A friend gave it to me last week, and I'm planning on reading it in a few weeks once things quiet down for me a bit. Has anyone here read it? Opinions? I know there's been some controversy over Wright, but I'm not entirely sure of the issues with him. At any rate, it should be an interesting read.


----------



## OPC'n (Apr 17, 2009)

I thought Obama wrote a book called that!


----------



## Montanablue (Apr 17, 2009)

I think that's "The Audacity of Hope." When my friend told me that she thought I should read "Surprised by Hope," I thought she was also talking about the president's book, and I was really surprised - she's a gun-toting libertarian!


----------



## Ex Nihilo (Apr 17, 2009)

I haven't read this one, so this is just a quick opinion.
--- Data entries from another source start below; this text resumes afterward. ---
(* Let $\mathsf{CL}'$ be the calculus $\mathsf{CL}$ in which the rule L$>$ is replaced by L$>^\star$ and the rule Mon$\forall$ is added. For every formula $A_0$ and world label $x_0$, root-first proof search for a $\mathsf{CL}'$-derivation of $\Rightarrow x_0:A_0$ built in accordance with the proof search strategy terminates in a finite number of steps, every branch ending with either an initial sequent or a saturated sequent.
   Context: Syntax: world labels, neighbourhood labels; relational atoms $a\in N(x)$, $x\in a$, $a\subseteq b$; labelled formulas: these, $x:A$, $a\Vdash^\exists A$, $a\Vdash^\forall A$, $x\Vdash_aA|B$, for $A,B\in\mathcal{L}::=p\mid\bot\mid A\wedge B\mid A\lor B\mid A\to B\mid A>B$. Sequents: multisets, relational atoms only on the left. Rules of $\mathsf{CL}'$ (premisses / conclusion; "fresh": label not in conclusion): initial sequents $x:p,\Gamma\Rightarrow\Delta,x:p$ ($p$ atomic), $x:\bot,\Gamma\Rightarrow\Delta$; G3 rules for $\wedge,\vee,\to$ on $x:A$; L$\forall$: $x:A,x\in a,a\Vdash^\forall A,\Gamma\Rightarrow\Delta$ / $x\in a,a\Vdash^\forall A,\Gamma\Rightarrow\Delta$; R$\forall$ (x fresh): $x\in a,\Gamma\Rightarrow\Delta,x:A$ / $\Gamma\Rightarrow\Delta,a\Vdash^\forall A$; L$\exists$ (x fresh): $x\in a,x:A,\Gamma\Rightarrow\Delta$ / $a\Vdash^\exists A,\Gamma\Rightarrow\Delta$; R$\exists$: $x\in a,\Gamma\Rightarrow\Delta,x:A,a\Vdash^\exists A$ / $x\in a,\Gamma\Rightarrow\Delta,a\Vdash^\exists A$; R$>$ (a fresh): $a\in N(x),a\Vdash^\exists A,\Gamma\Rightarrow\Delta,x\Vdash_aA|B$ / $\Gamma\Rightarrow\Delta,x:A>B$; L$>^\star$: $a\in N(x),x:A>B,\Gamma\Rightarrow\Delta,a\Vdash^\exists A$ and $a\Vdash^\exists A,x\Vdash_aA|B,a\in N(x),x:A>B,\Gamma\Rightarrow\Delta$ / $a\in N(x),x:A>B,\Gamma\Rightarrow\Delta$; R$|$: $c\in N(x),c\subseteq a,\Gamma\Rightarrow\Delta,x\Vdash_aA|B,c\Vdash^\exists A$ and $c\in N(x),c\subseteq a,\Gamma\Rightarrow\Delta,x\Vdash_aA|B,c\Vdash^\forall A\to B$ / $c\in N(x),c\subseteq a,\Gamma\Rightarrow\Delta,x\Vdash_aA|B$; L$|$ (c fresh): $c\in N(x),c\subseteq a,c\Vdash^\exists A,c\Vdash^\forall A\to B,\Gamma\Rightarrow\Delta$ / $x\Vdash_aA|B,\Gamma\Rightarrow\Delta$; Ref: $a\subseteq a,\Gamma\Rightarrow\Delta$ / $\Gamma\Rightarrow\Delta$; Tr: $c\subseteq a,c\subseteq b,b\subseteq a,\Gamma\Rightarrow\Delta$ / $c\subseteq b,b\subseteq a,\Gamma\Rightarrow\Delta$; L$\subseteq$: $x\in a,a\subseteq b,x\in b,\Gamma\Rightarrow\Delta$ / $x\in a,a\subseteq b,\Gamma\Rightarrow\Delta$; Mon$\forall$: $b\subseteq a,b\Vdash^\forall A,a\Vdash^\forall A,\Gamma\Rightarrow\Delta$ / $b\subseteq a,a\Vdash^\forall A,\Gamma\Rightarrow\Delta$. For a branch $S_0,S_1,\dots$ with $S_0={}\Rightarrow x_0:A_0$ and $S_k=\Gamma_k\Rightarrow\Delta_k$, write $\downarrow\Gamma_k$ ($\downarrow\Delta_k$) for the union of the antecedents (succedents) of $S_0,\dots,S_k$. Saturation conditions for $\Gamma\Rightarrow\Delta=S_k$ (with $\downarrow\Gamma,\downarrow\Delta$ the corresponding unions): L$\wedge$: $x:A\wedge B\in\downarrow\Gamma$ implies $x:A,x:B\in\downarrow\Gamma$; R$\wedge$: $x:A\wedge B\in\downarrow\Delta$ implies $x:A$ or $x:B$ in $\downarrow\Delta$; L$\vee$: $x:A\vee B\in\downarrow\Gamma$ implies $x:A$ or $x:B$ in $\downarrow\Gamma$; R$\vee$: $x:A\vee B\in\downarrow\Delta$ implies $x:A,x:B\in\downarrow\Delta$; L$\to$: $x:A\to B\in\downarrow\Gamma$ implies $x:B\in\downarrow\Gamma$ or $x:A\in\downarrow\Delta$; R$\to$: $x:A\to B\in\Delta$ implies $x:A\in\downarrow\Gamma$ and $x:B\in\downarrow\Delta$; Ref: if $a$ occurs in $\Gamma\cup\Delta$ then $a\subseteq a\in\Gamma$; Tr: $a\subseteq b,b\subseteq c\in\Gamma$ implies $a\subseteq c\in\Gamma$; L$\subseteq$: $x\in a,a\subseteq b\in\Gamma$ implies $x\in b\in\Gamma$; L$\forall$: $x\in a,a\Vdash^\forall A\in\Gamma$ implies $x:A\in\downarrow\Gamma$; R$\forall$: $a\Vdash^\forall A\in\downarrow\Delta$ implies for some $x$, $x\in a\in\Gamma$ and $x:A\in\downarrow\Delta$; L$\exists$: $a\Vdash^\exists A\in\downarrow\Gamma$ implies for some $x$, $x\in a\in\Gamma$ and $x:A\in\downarrow\Gamma$; R$\exists$: $x\in a\in\Gamma$ and $a\Vdash^\exists A\in\Delta$ imply $x:A\in\downarrow\Delta$; R$>$: $x:A>B\in\downarrow\Delta$ implies for some $a$, $a\in N(x)\in\Gamma$, $a\Vdash^\exists A\in\downarrow\Gamma$, $x\Vdash_aA|B\in\Delta$; L$>^\star$: $a\in N(x),x:A>B\in\Gamma$ imply $a\Vdash^\exists A\in\downarrow\Delta$, or both $a\Vdash^\exists A$ and $x\Vdash_aA|B$ in $\downarrow\Gamma$; R$|$: $c\in N(x),c\subseteq a\in\Gamma$ and $x\Vdash_aA|B\in\Delta$ imply $c\Vdash^\exists A\in\Delta$ or $c\Vdash^\forall A\to B\in\downarrow\Delta$; L$|$: $x\Vdash_aA|B\in\downarrow\Gamma$ implies for some $c$, $c\in N(x),c\subseteq a\in\Gamma$, $c\Vdash^\exists A\in\downarrow\Gamma$ and $c\Vdash^\forall A\to B\in\Gamma$; Mon$\forall$: $b\subseteq a,a\Vdash^\forall A\in\Gamma$ imply $b\Vdash^\forall A\in\Gamma$. A sequent is saturated if no $x:p$ is in $\Gamma\cap\Delta$, no $x:\bot$ is in $\Gamma$, and it satisfies all these saturation conditions. Proof search strategy: (1) rules introducing a new label (R$\forall$, L$\exists$, R$>$, L$|$: dynamic rules) are applied only if no other (static) rule is applicable, except that R$>$ is applied before L$>^\star$; (2) a rule is not applied to a sequent that satisfies the saturation condition associated with that rule. *)

theory Defs
  imports Main "HOL-Library.Multiset"
begin

datatype fm = Atm nat | Bot | Conj fm fm | Disj fm fm | Imp fm fm | Cond fm fm

type_synonym wlab = nat
type_synonym nlab = nat

datatype lf =
    InN nlab wlab              (* a \<in> N(x)      : InN a x *)
  | Mem wlab nlab
  | Sub nlab nlab
  | Lab wlab fm
  | Exi nlab fm                (* a forces-exists A : Exi a A *)
  | Unv nlab fm                (* a forces-forall A : Unv a A *)
  | CondL wlab nlab fm fm      (* x forces_a A|B : CondL x a A B *)

type_synonym sequent = "lf multiset \<times> lf multiset"

fun wlabs :: "lf \<Rightarrow> wlab set" where
  "wlabs (InN a x) = {x}"
| "wlabs (Mem x a) = {x}"
| "wlabs (Sub a b) = {}"
| "wlabs (Lab x A) = {x}"
| "wlabs (Exi a A) = {}"
| "wlabs (Unv a A) = {}"
| "wlabs (CondL x a A B) = {x}"

fun nlabs :: "lf \<Rightarrow> nlab set" where
  "nlabs (InN a x) = {a}"
| "nlabs (Mem x a) = {a}"
| "nlabs (Sub a b) = {a, b}"
| "nlabs (Lab x A) = {}"
| "nlabs (Exi a A) = {a}"
| "nlabs (Unv a A) = {a}"
| "nlabs (CondL x a A B) = {a}"

definition seq_wlabs :: "sequent \<Rightarrow> wlab set" where
  "seq_wlabs S = (\<Union>\<phi> \<in> set_mset (fst S) \<union> set_mset (snd S). wlabs \<phi>)"

definition seq_nlabs :: "sequent \<Rightarrow> nlab set" where
  "seq_nlabs S = (\<Union>\<phi> \<in> set_mset (fst S) \<union> set_mset (snd S). nlabs \<phi>)"

text \<open>A branch prefix S_0, ..., S_k is represented by the (nonempty) list H = [S_0, ..., S_k];
  the current sequent is last H.\<close>

definition dG :: "sequent list \<Rightarrow> lf set" where
  "dG H = (\<Union>S \<in> set H. set_mset (fst S))"

definition dD :: "sequent list \<Rightarrow> lf set" where
  "dD H = (\<Union>S \<in> set H. set_mset (snd S))"

definition initial :: "sequent \<Rightarrow> bool" where
  "initial S \<longleftrightarrow> (\<exists>x p. Lab x (Atm p) \<in># fst S \<and> Lab x (Atm p) \<in># snd S) \<or> (\<exists>x. Lab x Bot \<in># fst S)"

datatype rname = LAnd | RAnd | LOr | ROr | LImp | RImp | LAll | RAll | LEx | REx
  | RCnd | LCndStar | RBar | LBar | Ref | Tr | LSub | MonAll

definition dynamic :: "rname \<Rightarrow> bool" where
  "dynamic r \<longleftrightarrow> r \<in> {RAll, LEx, RCnd, LBar}"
His main point, as I understand it, is this: our hope is not freedom from the physical world and freedom from the body, but renewal of creation and resurrection of the body. Certainly not a controversial (nor an original) point, as far as I know. I would definitely avoid Wright on justification, but when he has an orthodox point, he does have a nice way of phrasing it. Even though you could certainly get the same information in a better and more Reformed formulation elsewhere, it might be worthwhile to read this one. If your non-Reformed friends are reading it already, you can always engage them on these points and show them that the Reformed confessions have always taught that our hope is bodily resurrection, not disembodied bliss.


----------



## shackleton (Apr 17, 2009)

It basically talks about what people generally believe as it concerns where and how we will all spend eternal life. He lays out what the popular belief is, that we will all live on clouds or in mansions and do what ever we want, or it will be a constant praise session. 

He then tells what it will be, a renewal of creation. Getting back to what was intended in the Garden of Eden. With jobs and_ real bodies_. Not jobs in the sense of what we do now but we will have something to do. 

It talks some about the resurrection and why it is important. Why Jesus rose from the dead and what that means. 

It is a very good book. Something everyone should read.


----------



## Marrow Man (Apr 17, 2009)

Erick, does Wright talk about "final justification" in the book?


----------



## shackleton (Apr 18, 2009)

Marrow Man said:


> Erick, does Wright talk about "final justification" in the book?



No. I don't believe he mentions anything about salvation just what happens after the resurrection. He talks a lot about the resurrection and the final state. He is sort of partial-preterist, Amil in his end times beliefs. 

In his books on Paul is where he mentions his beliefs on justification.

It seems like his views of "final justification" sort of blends sanctification, (doing good for others) with justification, (being a part of the family of God). The one is a part of the other. So a final justification would be a culmination of all that one has done in this life to help with the renewal of creation.


----------



## Marrow Man (Apr 18, 2009)

Thanks, Erick. I actually have the book, but I never read that far into it. And I was just too sleepy last night to get up and take the book off the shelf and see for myself.

I will say that (in my unfinished reading) that the book's biggest advantage is that Wright summarizes what he writes in the (several hundred page book) The _Resurrection of the Son of God_ into a nice and tidy 20 or so pages in _Surprised by Hope_. That is worth a read by itself, in that Wright defends the unique nature of Jesus' resurrection and its implications. Good stuff.

And, on a humorous note, I believe I heard someone say a few months ago that _Surprised by Hope_ should be the title of Hillary Clinton's book chronicling her failed Democratic primary campaign against Barack Obama...


----------